● **Task brief**
Transcribe the records below exactly.

#### Material provided

(* Let $E$ and $F$ be Banach lattices such that $E$ or $F$ is order continuous. Then every $L$-weakly compact lattice homomorphism $T\colon E\to F$ is $uaw$-Dunford-Pettis.
   Context: A net $(x_\alpha)$ in a Banach lattice $E$ is $uaw$-convergent to $x$ if $|x_\alpha-x|\wedge u\to 0$ weakly for every $u\in E_+$. A bounded operator $T\colon E\to F$ is $uaw$-Dunford-Pettis if every norm bounded $uaw$-null sequence $(x_n)$ in $E$ satisfies $\|Tx_n\|\to 0$. $T$ is $L$-weakly compact if every disjoint sequence contained in the solid hull of $T(B_E)$ is norm null. *)

theory Defs
  imports "HOL-Analysis.Analysis"
begin

class banach_lattice = banach + ordered_real_vector + lattice +
  assumes lattice_norm: "sup x (- x) \<le> sup y (- y) \<Longrightarrow> norm x \<le> norm y"

definition labs :: "'a::banach_lattice \<Rightarrow> 'a" where
  "labs x = sup x (- x)"

text \<open>Order continuity: every net decreasing to 0 is norm null. A decreasing net
  is represented by its (downward directed) set of values D with infimum 0.\<close>
definition order_continuous :: "'a::banach_lattice itself \<Rightarrow> bool" where
  "order_continuous _ \<longleftrightarrow>
    (\<forall>D :: 'a set. D \<noteq> {}
       \<and> (\<forall>x\<in>D. \<forall>y\<in>D. \<exists>z\<in>D. z \<le> x \<and> z \<le> y)
       \<and> (\<forall>x\<in>D. 0 \<le> x)
       \<and> (\<forall>w. (\<forall>x\<in>D. w \<le> x) \<longrightarrow> w \<le> 0)
       \<longrightarrow> (\<forall>e>0. \<exists>x\<in>D. norm x < e))"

########

● **Completed task**
(* Let $E$ and $F$ be Banach lattices such that $E$ or $F$ is order continuous. Then every $L$-weakly compact lattice homomorphism $T\colon E\to F$ is $uaw$-Dunford-Pettis.
   Context: A net $(x_\alpha)$ in a Banach lattice $E$ is $uaw$-convergent to $x$ if $|x_\alpha-x|\wedge u\to 0$ weakly for every $u\in E_+$. A bounded operator $T\colon E\to F$ is $uaw$-Dunford-Pettis if every norm bounded $uaw$-null sequence $(x_n)$ in $E$ satisfies $\|Tx_n\|\to 0$. $T$ is $L$-weakly compact if every disjoint sequence contained in the solid hull of $T(B_E)$ is norm null. *)

theory Defs
  imports "HOL-Analysis.Analysis"
begin

class banach_lattice = banach + ordered_real_vector + lattice +
  assumes lattice_norm: "sup x (- x) \<le> sup y (- y) \<Longrightarrow> norm x \<le> norm y"

definition labs :: "'a::banach_lattice \<Rightarrow> 'a" where
  "labs x = sup x (- x)"

text \<open>Order continuity: every net decreasing to 0 is norm null. A decreasing net
  is represented by its (downward directed) set of values D with infimum 0.\<close>
definition order_continuous :: "'a::banach_lattice itself \<Rightarrow> bool" where
  "order_continuous _ \<longleftrightarrow>
    (\<forall>D :: 'a set. D \<noteq> {}
       \<and> (\<forall>x\<in>D. \<forall>y\<in>D. \<exists>z\<in>D. z \<le> x \<and> z \<le> y)
       \<and> (\<forall>x\<in>D. 0 \<le> x)
       \<and> (\<forall>w. (\<forall>x\<in>D. w \<le> x) \<longrightarrow> w \<le> 0)
       \<longrightarrow> (\<forall>e>0. \<exists>x\<in>D. norm x < e))"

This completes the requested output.